US stuck with high natural gas prices, low supplies


By Tom Doggett

WASHINGTON, Dec 12 (Reuters) - As U.S. natural gas and electricity prices soar on tight supplies and an Arctic cold front, the Clinton administration warned it would not allow power generators to drive up West Coast prices deliberately to make quick profits.

Natural gas futures prices reached a record high of $9.41 per million British thermal units (Btu) on Monday, about four times above year-ago levels, but dropped back to the low $8 range on Tuesday.

U.S. Energy Secretary Bill Richardson called on generators to act responsibly in the western United States, which is experiencing power supply shortages and skyrocketing electricity prices. Both are due to heavy demand and shrinking natural gas supplies to fuel electric generating plants.

``While I have no specific knowledge of any such activities, it is important that generators located throughout the region and in Canada and Mexico understand that the (Clinton) administration will not tolerate any actions designed to take advantage of the situation,'' Richardson said on Monday night.

Meanwhile, another government official warned on Tuesday that the United States will face high natural gas prices for the foreseeable future due to continued low gas supplies.

COLD WINTER BOOSTS POWER DEMAND

``High and volatile gas prices will prevail until significantly more gas supplies enter the market, although the likelihood of that in the near future is not high,'' said Mark Mazur, acting head of the U.S. Energy Information Administration. Mazur testified before the Senate Energy Committee's hearing on current conditions in the natural gas market.

This winter is forecast to be colder than the last three winters, resulting in a 6 percent increase in natural gas consumption over last year, Mazur said.

Consumer heating bills will rise more than 50 percent this winter, to an average $834 per household for natural gas, the EIA said.

Mazur said natural gas prices received by producers at the wellhead would remain above $4 per thousand cubic feet at least through the rest of 2001.

To make the point about current tight power supplies, the chairman of the Senate Energy Committee pointed out that the lights on the panel's Christmas tree were not turned on during the hearing.

``We practice what we preach here,'' said Alaska Republican Senator Frank Murkowski.

In addition to warning power suppliers not to gouge consumers, Richardson again called on the Federal Energy Regulatory Commission to impose short-term price caps on the wholesale power sold throughout the West. The agency was scheduled to hold a special meeting on Friday to consider the dire situation in California's deregulated power market.

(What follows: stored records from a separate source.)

lemma linear_char_power_div_prime:
  assumes "finite (carrier G)" "linear_char G \<chi>" "prime p" "p dvd char_order G \<chi>"
  shows "\<not> principal_char G (\<lambda>x. \<chi> x ^ (char_order G \<chi> div p))"
    and "x \<in> carrier G \<Longrightarrow> (\<chi> x ^ (char_order G \<chi> div p)) ^ p = 1"
proof -
  let ?o = "char_order G \<chi>"
  have o: "?o div p * p = ?o"
    using assms(4) by simp
  show "(\<chi> x ^ (?o div p)) ^ p = 1" if "x \<in> carrier G"
    using char_order_dvd_iff[OF assms(1,2), of ?o] that o by (simp flip: power_mult)
  have "0 < ?o"
    using char_order_LeastI[OF assms(1,2)] by simp
  moreover have "p \<le> ?o"
    using dvd_imp_le[OF assms(4) \<open>0 < ?o\<close>] .
  ultimately have "0 < ?o div p" "?o div p < ?o"
    using prime_gt_1_nat[OF assms(3)] by (simp_all add: div_greater_zero_iff)
  then have "\<not> ?o dvd ?o div p"
    by (auto dest: dvd_imp_le)
  then show "\<not> principal_char G (\<lambda>x. \<chi> x ^ (?o div p))"
    using char_order_dvd_iff[OF assms(1,2)] unfolding principal_char_def by (simp add: power_mult)
qed

lemma linear_char_sum_eq_0:
  assumes "finite (carrier G)" "linear_char G \<chi>" "\<not> principal_char G \<chi>"
  shows "(\<Sum>x\<in>carrier G. \<chi> x) = 0"
proof -
  obtain g where g: "g \<in> carrier G" "\<chi> g \<noteq> 1"
    using assms(3) unfolding principal_char_def by auto
  have "(\<Sum>x\<in>carrier G. \<chi> x) = (\<Sum>x\<in>carrier G. \<chi> (g \<otimes> x))"
    by (rule sum.reindex_bij_witness[where j = "\<lambda>x. inv g \<otimes> x" and i = "\<lambda>x. g \<otimes> x"])
       (auto simp: g m_assoc[symmetric])
  also have "\<dots> = \<chi> g * (\<Sum>x\<in>carrier G. \<chi> x)"
    by (simp add: sum_distrib_left linear_char_mult[OF assms(2)] g)
  finally have "(\<chi> g - 1) * (\<Sum>x\<in>carrier G. \<chi> x) = 0"
    by (simp add: algebra_simps)
  with g show ?thesis
    by simp
qed

lemma linear_char_in_int_eigenvalues:
  assumes "finite (carrier G)" "linear_char G \<chi>" "x \<in> carrier G"
  shows "\<chi> x \<in> int_eigenvalues (order G) (cis (2 * pi / order G))"
  by (rule root_of_unity_in_int_eigenvalues)
     (simp_all add: assms order_gt_0_iff_finite linear_char_power_order_eq_1)

lemma linear_char_sums_congruent:
  assumes "finite (carrier G)" "D \<subseteq> carrier G" "linear_char G \<chi>" "linear_char G \<psi>"
    and "prime r" "\<And>x. x \<in> D \<Longrightarrow> \<chi> x ^ r = \<psi> x ^ r"
    and "(\<Sum>x\<in>D. \<chi> x) = of_int a" "(\<Sum>x\<in>D. \<psi> x) = of_int b"
  shows "int r dvd a - b"
proof (rule int_eigenvalues_sums_congruent[where N = "order G" and w = "cis (2 * pi / order G)"
      and A = D and f = \<chi> and g = \<psi>])
  show "0 < order G" "finite D"
    using assms(1,2) finite_subset by (auto simp: order_gt_0_iff_finite)
  show "\<chi> x \<in> int_eigenvalues (order G) (cis (2 * pi / order G))"
    and "\<psi> x \<in> int_eigenvalues (order G) (cis (2 * pi / order G))" if "x \<in> D" for x
    using that assms(2) by (auto intro!: linear_char_in_int_eigenvalues assms(1,3,4))
qed (use assms in simp_all)

end

section \<open>Character sums over a regular partial difference set\<close>

lemma PDS_theta_cases: "PDS_theta la mu s i \<in> {PDS_theta la mu s 1, PDS_theta la mu s 2}"
  by (simp add: PDS_theta_def)

lemma PDS_theta_diff_sum_prod:
  assumes "int s ^ 2 = PDS_Delta k la mu"
  shows "PDS_theta la mu s 1 - PDS_theta la mu s 2 = int s"
    and "PDS_theta la mu s 1 + PDS_theta la mu s 2 = int la - int mu"
    and "PDS_theta la mu s 1 * PDS_theta la mu s 2 = int mu - int k"
proof -
  define L where "L = int la - int mu"
  have sL: "int s ^ 2 = L ^ 2 + 4 * (int k - int mu)"
    using assms unfolding PDS_Delta_def L_def by simp
  then have "even (int s ^ 2) = even (L ^ 2)"
    by simp
  then have "even (L + int s)" "even (L - int s)"
    by auto
  then have t1: "2 * PDS_theta la mu s 1 = L + int s" and t2: "2 * PDS_theta la mu s 2 = L - int s"
    unfolding PDS_theta_def L_def[symmetric] by simp_all
  show "PDS_theta la mu s 1 - PDS_theta la mu s 2 = int s"
    and "PDS_theta la mu s 1 + PDS_theta la mu s 2 = int la - int mu"
    using t1 t2 L_def by linarith+
  have "4 * (PDS_theta la mu s 1 * PDS_theta la mu s 2) = (2 * PDS_theta la mu s 1) * (2 * PDS_theta la mu s 2)"
    by simp
  also have "\<dots> = (L + int s) * (L - int s)"
    unfolding t1 t2 ..
  also have "\<dots> = 4 * (int mu - int k)"
    using sL by (simp add: algebra_simps power2_eq_square)
  finally show "PDS_theta la mu s 1 * PDS_theta la mu s 2 = int mu - int k"
    by simp
qed

lemma PDS_theta_roots:
  assumes "int s ^ 2 = PDS_Delta k la mu"
    and "(c :: complex) ^ 2 = (of_nat la - of_nat mu) * c + (of_nat k - of_nat mu)"
  shows "c = of_int (PDS_theta la mu s 1) \<or> c = of_int (PDS_theta la mu s 2)"
proof -
  let ?a = "of_int (PDS_theta la mu s 1) :: complex" and ?b = "of_int (PDS_theta la mu s 2) :: complex"
  have sum_prod: "?a + ?b = of_nat la - of_nat mu" "?a * ?b = of_nat mu - of_nat k"
    using arg_cong[OF PDS_theta_diff_sum_prod(2)[OF assms(1)], of "of_int :: int \<Rightarrow> complex"]
      arg_cong[OF PDS_theta_diff_sum_prod(3)[OF assms(1)], of "of_int :: int \<Rightarrow> complex"]
    by simp_all
  have "(c - ?a) * (c - ?b) = c ^ 2 - (?a + ?b) * c + ?a * ?b"
    by (simp add: algebra_simps power2_eq_square)
  also have "\<dots> = 0"
    unfolding sum_prod assms(2) by simp
  finally show ?thesis
    by simp
qed

lemma PDS_theta_eq_if_congruent:
  assumes "int s ^ 2 = PDS_Delta k la mu" "\<not> r dvd s"
    and "x \<in> {PDS_theta la mu s 1, PDS_theta la mu s 2}" "y \<in> {PDS_theta la mu s 1, PDS_theta la mu s 2}"
    and "int r dvd x - y"
  shows "x = y"
proof (rule ccontr)
  assume "x \<noteq> y"
  then have "x - y = int s \<or> x - y = - int s"
    using assms(3,4) PDS_theta_diff_sum_prod(1)[OF assms(1)] by auto
  then have "int r dvd int s"
    using assms(5) by auto
  with assms(2) show False
    by simp
qed

lemma finite_PDS_Pi: "0 < v \<Longrightarrow> finite (PDS_Pi v k la mu s i)"
  by (rule finite_subset[of _ "{..v}"]) (auto simp: PDS_Pi_def intro: dvd_imp_le)

lemma prime_in_set_if_dvd_prod_powers:
  fixes p :: nat
  assumes "finite P" "\<And>q. q \<in> P \<Longrightarrow> prime q" "prime p" "p dvd (\<Prod>q\<in>P. q ^ e q)"
  shows "p \<in> P"
proof -
  obtain q where q: "q \<in> P" "p dvd q ^ e q"
    using assms(4) prime_dvd_prod_iff[OF assms(1,3)] by auto
  have "p dvd q"
    using assms(3) q(2) by (rule prime_dvd_power)
  then have "p = q"
    using assms(2)[OF q(1)] assms(3) by (simp add: primes_dvd_imp_eq)
  with q(1) show ?thesis
    by simp
qed

lemma dvd_prod_multiplicity_if_prime_factors_subset:
  fixes m n :: nat
  assumes "m dvd n" "n \<noteq> 0" "finite P" "prime_factors m \<subseteq> P"
  shows "m dvd (\<Prod>q\<in>P. q ^ multiplicity q n)"
proof -
  have "m \<noteq> 0"
    using assms(1,2) by auto
  then have "m = (\<Prod>q\<in>prime_factors m. q ^ multiplicity q m)"
    using prod_prime_factors[of m] by simp
  also have "\<dots> dvd (\<Prod>q\<in>prime_factors m. q ^ multiplicity q n)"
  proof (rule prod_dvd_prod)
    fix q
    have "multiplicity q m \<le> multiplicity q n"
      by (rule dvd_imp_multiplicity_le[OF assms(1,2)])
    then show "q ^ multiplicity q m dvd q ^ multiplicity q n"
      by (rule le_imp_power_dvd)
  qed
  also have "\<dots> dvd (\<Prod>q\<in>P. q ^ multiplicity q n)"
    by (rule prod_dvd_prod_subset[OF assms(3,4)])
  finally show ?thesis .
qed

lemma power_eq_1_if_coprime_exponents:
  fixes z :: "'a :: monoid_mult"
  assumes "z ^ p = 1" "z ^ q = 1" "coprime p q" "p \<noteq> 0"
  shows "z = 1"
proof -
  obtain x y where "p * x = q * y + gcd p q"
    using bezout_nat[OF assms(4)] by blast
  with assms(3) have xy: "p * x = q * y + 1"
    by simp
  have "1 = z ^ (p * x)"
    using assms(1) by (simp add: power_mult)
  also have "\<dots> = z"
    unfolding xy using assms(2) by (simp add: power_add power_mult)
  finally show ?thesis ..
qed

``Given recent developments in the Western power markets, it is even more urgent that FERC act expeditiously to impose some constraints on spiraling electricity prices, not just in California but throughout the region,'' Richardson said.

``Electricity supplies in parts of the region are tight and the prices charged for wholesale power in the region continue to spiral out of control,'' he added.

Richardson said the Energy Department took several steps to increase electricity supplies in the West, including:

* Ordering both the Bonneville Power Administration and the Western Area Power Administration to provide as much power to California as possible during supply shortages, and

* Ordering federal offices in California and four other western states to cut electricity consumption by turning off unnecessary computers, lights, escalators and elevators.

KAISER ALUMINUM CRITICIZED

Separately, Richardson criticized Kaiser Aluminum Corp. (NYSE) for ``taking advantage'' of high market prices for electricity in the Pacific Northwest.

Kaiser is temporarily shutting down operations in the region and can resell power it purchases from the federally owned Bonneville Power Administration for higher prices.

Kaiser said last weekend it would receive about $52 million from the sale of December power, but might take a charge against corporate earnings in the fourth quarter because of the uncertain long-term outlook for power in the region.

``While Kaiser will make millions from the use of a federal resource, I am concerned that this is coming at the expense of employees that will be out of work and that may not be fully compensated,'' Richardson said.

Richardson said he instructed Bonneville to ``explore all necessary actions'' to stop Kaiser from reselling the power."